Test compounds were freshly prepared from initial dimethyl sulfoxide (DMSO) stocks, 80 cocktails per plate. Huh-7 cells were then trypsinized, counted and seeded at a final concentration of 104 cells per well. Plates were placed overnight in a CO2 incubator. The following day, samples were then added with an automatic liquid handler (FX from Beckman–Coulter). Finally, the pseudotyped virus, thawed and diluted immediately prior to use in cell culture medium, was added under a BSL-2 hood using Hydra (Thermo Fisher Scientific). The final concentration of DMSO in all wells was maintained at 2%. The plates were incubated at 37 °C in a humidified CO2 incubator for 48 h. Bright-Glo substrate (Promega) was added directly to each well and cell lysis was allowed to proceed in the dark for 5 min.

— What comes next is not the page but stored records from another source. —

(* Consider the graph whose vertices are the admissible Hilbert polynomials and whose edges are the pairs $(P,\sigma(P))$ and $(P,\lambda(P))$ for all admissible Hilbert polynomials $P$. This graph is an infinite binary tree (each vertex $P$ having the two children $\sigma(P)$ and $\lambda(P)$), whose root is the constant polynomial $1$.
   Context: Binomial coefficients are polynomials in $t$: $\binom{t+a}{b}=\frac{(t+a)\cdots(t+a-b+1)}{b!}$ for $b\ge0$ and $0$ for $b<0$. A polynomial $P\in\mathbb{Q}[t]$ is an admissible Hilbert polynomial if it is the Hilbert polynomial of a nonempty closed subscheme of some projective space over an algebraically closed field; equivalently it has a (unique) Gotzmann expression $P(t)=\sum_{j=1}^r\binom{t+b_j-(j-1)}{b_j}$ with integers $b_1\ge\dots\ge b_r\ge0$, and equivalently a (unique) Macaulay–Hartshorne expression $P(t)=\sum_{i=0}^d\binom{t+i}{i+1}-\binom{t+i-e_i}{i+1}$ with integers $e_0\ge e_1\ge\dots\ge e_d>0$. Define $\sigma(P):=1+P$ (Gotzmann partition $(b_1,\dots,b_r,0)$, Macaulay–Hartshorne partition $(e_0+1,e_1,\dots,e_d)$) and $\lambda(P)$ the admissible polynomial with Gotzmann expression $\sum_{j=1}^r\binom{t+b_j+1-(j-1)}{b_j+1}$ (Macaulay–Hartshorne partition $(e_0,e_0,e_1,\dots,e_d)$). *)

theory Defs
  imports "HOL-Computational_Algebra.Polynomial"
begin

text \<open>The binomial coefficient (t+a choose b) as a polynomial in t over the rationals;
  zero for negative b.\<close>
definition binpoly :: "int \<Rightarrow> int \<Rightarrow> rat poly" where
  "binpoly a b = (if b < 0 then 0 else
     smult (1 / fact (nat b)) (\<Prod>i<nat b. [:of_int a - of_int (int i), 1:]))"

definition gotz_partition :: "nat list \<Rightarrow> bool" where
  "gotz_partition bs \<longleftrightarrow> bs \<noteq> [] \<and> sorted_wrt (\<ge>) bs"

text \<open>Gotzmann expression: sum over j=1..r of (t + b_j - (j-1) choose b_j);
  list index i corresponds to j = i+1.\<close>
definition gotz_poly :: "nat list \<Rightarrow> rat poly" where
  "gotz_poly bs = (\<Sum>i<length bs. binpoly (int (bs ! i) - int i) (int (bs ! i)))"

definition admissible :: "rat poly \<Rightarrow> bool" where
  "admissible P \<longleftrightarrow> (\<exists>bs. gotz_partition bs \<and> P = gotz_poly bs)"

definition gotzmann_of :: "rat poly \<Rightarrow> nat list" where
  "gotzmann_of P = (THE bs. gotz_partition bs \<and> P = gotz_poly bs)"

definition sigma_op :: "rat poly \<Rightarrow> rat poly" where
  "sigma_op P = 1 + P"

definition lambda_op :: "rat poly \<Rightarrow> rat poly" where
  "lambda_op P = gotz_poly (map Suc (gotzmann_of P))"

definition child :: "rat poly \<Rightarrow> rat poly \<Rightarrow> bool" where
  "child P Q \<longleftrightarrow> admissible P \<and> (Q = sigma_op P \<or> Q = lambda_op P)"

end

theory Submission
  imports Defs
begin

(* Admissible polynomials are the Gotzmann expressions of Gotzmann partitions, and the expression
   is injective on partitions. On partitions, sigma appends an entry 0 and lambda adds 1 to every
   entry. A partition other than (0) therefore arises in exactly one way from a smaller partition,
   depending on whether its last entry is 0 or positive: every admissible polynomial except 1 has
   exactly one parent, and climbing to parents ends at (0), that is, at 1. *)

lemma degree_binpoly: "degree (binpoly a (int b)) = b"
  unfolding binpoly_def by (simp add: degree_prod_eq_sum_degree)

lemma lead_coeff_binpoly: "lead_coeff (binpoly a (int b)) = 1 / fact b"
  unfolding binpoly_def by (simp add: lead_coeff_prod)

lemma coeff_binpoly_nonneg: "b \<le> d \<Longrightarrow> 0 \<le> coeff (binpoly a (int b)) d"
  by (cases "b = d") (simp_all add: lead_coeff_binpoly[of a, unfolded degree_binpoly]
      coeff_eq_0 degree_binpoly)

text \<open>Gotzmann expression with indices shifted by k, so that it recurses along the partition.\<close>
fun gotz_poly_from :: "nat \<Rightarrow> nat list \<Rightarrow> rat poly" where
  "gotz_poly_from k [] = 0"
| "gotz_poly_from k (b # bs) = binpoly (int b - int k) (int b) + gotz_poly_from (Suc k) bs"

lemma gotz_poly_from_eq_sum:
  "gotz_poly_from k bs = (\<Sum>i<length bs. binpoly (int (bs ! i) - int i - int k) (int (bs ! i)))"
proof (induction bs arbitrary: k)
  case (Cons b bs)
  show ?case
    by (simp add: Cons.IH sum.lessThan_Suc_shift algebra_simps del: sum.lessThan_Suc)
qed simp

lemma gotz_poly_conv_from: "gotz_poly bs = gotz_poly_from 0 bs"
  unfolding gotz_poly_def gotz_poly_from_eq_sum by simp

lemma gotz_poly_from_snoc_0: "gotz_poly_from k (bs @ [0]) = gotz_poly_from k bs + 1"
  by (induction bs arbitrary: k) (simp_all add: binpoly_def)

lemma degree_gotz_poly_from_le: "\<forall>x\<in>set bs. x \<le> d \<Longrightarrow> degree (gotz_poly_from k bs) \<le> d"
  by (induction bs arbitrary: k) (auto simp: degree_binpoly intro: degree_add_le)

lemma coeff_gotz_poly_from_nonneg: "\<forall>x\<in>set bs. x \<le> d \<Longrightarrow> 0 \<le> coeff (gotz_poly_from k bs) d"
  by (induction bs arbitrary: k) (auto simp: coeff_binpoly_nonneg)

lemma coeff_gotz_poly_from_Cons_pos:
  assumes "sorted_wrt (\<ge>) (b # bs)"
  shows "0 < coeff (gotz_poly_from k (b # bs)) b"
proof -
  have "0 \<le> coeff (gotz_poly_from (Suc k) bs) b"
    using assms by (intro coeff_gotz_poly_from_nonneg) simp
  then show ?thesis
    using lead_coeff_binpoly[of "int b - int k" b] by (simp add: degree_binpoly add_pos_nonneg)
qed

lemma degree_gotz_poly_from_Cons:
  assumes "sorted_wrt (\<ge>) (b # bs)"
  shows "degree (gotz_poly_from k (b # bs)) = b"
proof (rule antisym)
  show "degree (gotz_poly_from k (b # bs)) \<le> b"
    using assms by (intro degree_gotz_poly_from_le) auto
  show "b \<le> degree (gotz_poly_from k (b # bs))"
    using coeff_gotz_poly_from_Cons_pos[of b bs k] assms by (intro le_degree) simp
qed

text \<open>The leading term of a Gotzmann expression is a positive multiple of \<open>t ^ b\<^sub>1\<close>, so the
  first entry of the partition can be recovered and peeled off.\<close>
lemma gotz_poly_from_inject:
  "sorted_wrt (\<ge>) bs \<Longrightarrow> sorted_wrt (\<ge>) cs \<Longrightarrow> gotz_poly_from k bs = gotz_poly_from k cs
    \<Longrightarrow> bs = cs"
proof (induction bs arbitrary: cs k)
  case Nil
  show ?case
  proof (cases cs)
    case (Cons c cs')
    then show ?thesis
      using Nil.prems coeff_gotz_poly_from_Cons_pos[of c cs' k] by simp
  qed simp
next
  case (Cons b bs)
  show ?case
  proof (cases cs)
    case Nil
    then show ?thesis
      using Cons.prems coeff_gotz_poly_from_Cons_pos[of b bs k] by simp
  next
    case (Cons c cs')
    have "b = c"
      using Cons.prems degree_gotz_poly_from_Cons[of b bs k] degree_gotz_poly_from_Cons[of c cs' k]
      unfolding Cons by simp
    then have "gotz_poly_from (Suc k) bs = gotz_poly_from (Suc k) cs'"
      using Cons.prems(3) unfolding Cons by simp
    with Cons.IH[of cs' "Suc k"] Cons.prems \<open>b = c\<close> show ?thesis
      unfolding Cons by simp
  qed
qed

lemma inj_on_gotz_poly: "inj_on gotz_poly {bs. gotz_partition bs}"
  by (rule inj_onI) (auto simp: gotz_partition_def gotz_poly_conv_from intro: gotz_poly_from_inject)

lemma gotzmann_of_gotz_poly: "gotz_partition bs \<Longrightarrow> gotzmann_of (gotz_poly bs) = bs"
  unfolding gotzmann_of_def
  by (rule the_equality) (auto dest: inj_onD[OF inj_on_gotz_poly])

lemma gotz_poly_snoc_0: "gotz_poly (bs @ [0]) = 1 + gotz_poly bs"
  by (simp add: gotz_poly_conv_from gotz_poly_from_snoc_0)

lemma gotz_poly_single_0: "gotz_poly [0] = 1"
  using gotz_poly_snoc_0[of "[]"] by (simp add: gotz_poly_def)

lemma sigma_op_gotz_poly: "sigma_op (gotz_poly bs) = gotz_poly (bs @ [0])"
  by (simp add: sigma_op_def gotz_poly_snoc_0)

lemma lambda_op_gotz_poly: "gotz_partition bs \<Longrightarrow> lambda_op (gotz_poly bs) = gotz_poly (map Suc bs)"
  by (simp add: lambda_op_def gotzmann_of_gotz_poly)

text \<open>\<^const>\<open>sigma_op\<close> and \<^const>\<open>lambda_op\<close> read on Gotzmann partitions.\<close>
definition partition_step :: "nat list \<Rightarrow> nat list \<Rightarrow> bool" where
  "partition_step bs cs \<longleftrightarrow> cs = bs @ [0] \<or> cs = map Suc bs"

lemma gotz_partition_single_0: "gotz_partition [0]"
  by (simp add: gotz_partition_def)

lemma gotz_partition_step: "gotz_partition bs \<Longrightarrow> partition_step bs cs \<Longrightarrow> gotz_partition cs"
  by (auto simp: gotz_partition_def partition_step_def sorted_wrt_append sorted_wrt_map)

lemma snoc_0_neq_map_Suc: "bs @ [0] \<noteq> map Suc cs"
  by (metis Zero_not_Suc last_map last_snoc list.map_disc_iff snoc_eq_iff_butlast)

lemma partition_step_left_unique: "partition_step bs cs \<Longrightarrow> partition_step bs' cs \<Longrightarrow> bs = bs'"
  unfolding partition_step_def
  by (metis snoc_0_neq_map_Suc append1_eq_conv list.inj_map_strong nat.inject)

lemma not_partition_step_single_0: "gotz_partition bs \<Longrightarrow> \<not> partition_step bs [0]"
  by (auto simp: gotz_partition_def partition_step_def)

lemma gotz_partition_parent:
  assumes "gotz_partition cs" and "cs \<noteq> [0]"
  obtains bs where "gotz_partition bs" and "partition_step bs cs"
    and "sum_list bs + length bs < sum_list cs + length cs"
proof -
  obtain ys y where cs: "cs = ys @ [y]"
    using assms(1) by (metis gotz_partition_def rev_exhaust)
  have sorted: "sorted_wrt (\<ge>) (ys @ [y])"
    using assms(1) unfolding gotz_partition_def cs by simp
  show thesis
  proof (cases "y = 0")
    case True
    then have "gotz_partition ys"
      using sorted assms(2) unfolding gotz_partition_def cs by (auto simp: sorted_wrt_append)
    moreover have "partition_step ys cs"
      using True cs by (simp add: partition_step_def)
    ultimately show thesis
      using that cs by simp
  next
    case False
    then have pos: "\<forall>x\<in>set cs. 0 < x"
      using sorted unfolding cs by (auto simp: sorted_wrt_append)
    define bs where "bs = map (\<lambda>x. x - 1) cs"
    have cs_eq: "cs = map Suc bs"
      unfolding bs_def map_map using pos by (intro map_idI[symmetric]) auto
    have "gotz_partition bs"
      using assms(1) unfolding gotz_partition_def bs_def
      by (auto simp: sorted_wrt_map elim!: sorted_wrt_mono_rel[rotated])
    moreover have "partition_step bs cs"
      using cs_eq by (simp add: partition_step_def)
    moreover have "sum_list cs = sum_list bs + length bs"
      unfolding cs_eq by (simp add: sum_list_Suc)
    ultimately show thesis
      using that cs cs_eq by simp
  qed
qed

lemma admissible_gotz_poly: "gotz_partition bs \<Longrightarrow> admissible (gotz_poly bs)"
  by (auto simp: admissible_def)

lemma admissible_one: "admissible 1"
  using admissible_gotz_poly gotz_partition_single_0 gotz_poly_single_0 by metis

lemma child_gotz_poly:
  "gotz_partition bs \<Longrightarrow> partition_step bs cs \<Longrightarrow> child (gotz_poly bs) (gotz_poly cs)"
  by (auto simp: child_def admissible_gotz_poly partition_step_def sigma_op_gotz_poly
      lambda_op_gotz_poly)

lemma childE:
  assumes "child P Q"
  obtains bs cs where "gotz_partition bs" and "gotz_partition cs" and "partition_step bs cs"
    and "P = gotz_poly bs" and "Q = gotz_poly cs"
proof -
  obtain bs where bs: "gotz_partition bs" "P = gotz_poly bs"
    using assms by (auto simp: child_def admissible_def)
  then have "\<exists>cs. partition_step bs cs \<and> Q = gotz_poly cs"
    using assms by (auto simp: child_def partition_step_def sigma_op_gotz_poly lambda_op_gotz_poly)
  then show thesis
    using that bs gotz_partition_step by blast
qed

lemma admissible_child: "child P Q \<Longrightarrow> admissible Q"
  by (metis childE admissible_gotz_poly)

lemma sigma_op_neq_lambda_op:
  assumes "admissible P"
  shows "sigma_op P \<noteq> lambda_op P"
proof -
  obtain bs where bs: "gotz_partition bs" "P = gotz_poly bs"
    using assms by (auto simp: admissible_def)
  have "gotz_poly (bs @ [0]) \<noteq> gotz_poly (map Suc bs)"
    using bs(1) gotz_partition_step inj_onD[OF inj_on_gotz_poly] snoc_0_neq_map_Suc
    unfolding partition_step_def by (metis mem_Collect_eq)
  then show ?thesis
    using bs by (simp add: sigma_op_gotz_poly lambda_op_gotz_poly)
qed

lemma not_child_one: "\<not> child P 1"
  by (metis childE gotz_partition_single_0 gotz_poly_single_0 inj_onD[OF inj_on_gotz_poly]
      mem_Collect_eq not_partition_step_single_0)

lemma child_left_unique: "child P Q \<Longrightarrow> child P' Q \<Longrightarrow> P = P'"
  by (metis childE inj_onD[OF inj_on_gotz_poly] mem_Collect_eq partition_step_left_unique)

lemma ex_child_of:
  assumes "admissible Q" and "Q \<noteq> 1"
  shows "\<exists>P. child P Q"
proof -
  obtain cs where cs: "gotz_partition cs" "Q = gotz_poly cs"
    using assms(1) by (auto simp: admissible_def)
  with assms(2) obtain bs where "gotz_partition bs" "partition_step bs cs"
    using gotz_partition_parent gotz_poly_single_0 by metis
  then show ?thesis
    using cs child_gotz_poly by blast
qed

lemma rtranclp_child_one_gotz_poly: "gotz_partition cs \<Longrightarrow> child\<^sup>*\<^sup>* 1 (gotz_poly cs)"
proof (induction "sum_list cs + length cs" arbitrary: cs rule: less_induct)
  case less
  show ?case
  proof (cases "cs = [0]")
    case True
    then show ?thesis
      by (simp add: gotz_poly_single_0)
  next
    case False
    with less.prems obtain bs where "gotz_partition bs" "partition_step bs cs"
      and "sum_list bs + length bs < sum_list cs + length cs"
      by (rule gotz_partition_parent)
    then show ?thesis
      using less.hyps child_gotz_poly by (blast intro: rtranclp.rtrancl_into_rtrancl)
  qed
qed

lemma rtranclp_child_one: "admissible Q \<Longrightarrow> child\<^sup>*\<^sup>* 1 Q"
  by (auto simp: admissible_def intro: rtranclp_child_one_gotz_poly)

lemma infinite_admissible: "infinite {P. admissible P}"
proof -
  have "range (\<lambda>n. replicate (Suc n) (0::nat)) \<subseteq> {bs. gotz_partition bs}"
    by (auto simp: gotz_partition_def sorted_wrt_iff_nth_less)
  moreover have "infinite (range (\<lambda>n. replicate (Suc n) (0::nat)))"
    by (rule range_inj_infinite) (auto intro: injI dest: arg_cong[of _ _ length])
  ultimately have "infinite {bs. gotz_partition bs}"
    using finite_subset by blast
  then have "infinite (gotz_poly ` {bs. gotz_partition bs})"
    using finite_imageD inj_on_gotz_poly by blast
  moreover have "gotz_poly ` {bs. gotz_partition bs} = {P. admissible P}"
    by (auto simp: admissible_def)
  ultimately show ?thesis
    by simp
qed

theorem theorem2p10:
  shows "admissible 1
    \<and> (\<forall>P. admissible P \<longrightarrow>
          admissible (sigma_op P) \<and> admissible (lambda_op P) \<and> sigma_op P \<noteq> lambda_op P)
    \<and> \<not> (\<exists>P. child P 1)
    \<and> (\<forall>Q. admissible Q \<and> Q \<noteq> 1 \<longrightarrow> (\<exists>!P. child P Q))
    \<and> (\<forall>Q. admissible Q \<longrightarrow> child\<^sup>*\<^sup>* 1 Q)
    \<and> infinite {P. admissible P}"
proof (intro conjI allI impI)
  fix P
  assume "admissible P"
  then show "admissible (sigma_op P)" and "admissible (lambda_op P)"
    and "sigma_op P \<noteq> lambda_op P"
    using sigma_op_neq_lambda_op by (auto simp: child_def intro: admissible_child)
next
  fix Q
  assume "admissible Q \<and> Q \<noteq> 1"
  then show "\<exists>!P. child P Q"
    using ex_child_of child_left_unique by blast
qed (use admissible_one not_child_one rtranclp_child_one infinite_admissible in auto)

end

Cytotoxic effect of compounds was assayed by MTT method which evaluated the reduction product of MTT by cellular succinate dehydrogenase as an indicator of cell liability. Toxicity was calculated as 100% minus percentage of OD@570 readout each well against the control well with no drug, 100% − OD@570 (compound)/OD@570 (control) × 100%.

Luciferase activity was measured using the Envision microplate luminometer (PerkinElmer). Inhibition was calculated as 100% minus percentage of luciferase readout each well against the control well with no drug, 100% − Luc (compound)/Luc (control) × 100%.

Measurement of IC50 and CC50

For determining CC50 and IC50, compounds were serially diluted and assayed as described for the HTS screening, CC50 and IC50 were determined by regression analysis using 4 parameter regression.

Conflicts of interest

There are no conflicts of interest to declare.

Acknowledgements

This work was supported by the National Key Research and Development Program of China (2018YFC1200604). The pNL4.3.Luc.R-.E- and MERS-S expression plasmid was kindly gifted by Dr Shibo Jiang and Dr Lu Lu from Fudan University.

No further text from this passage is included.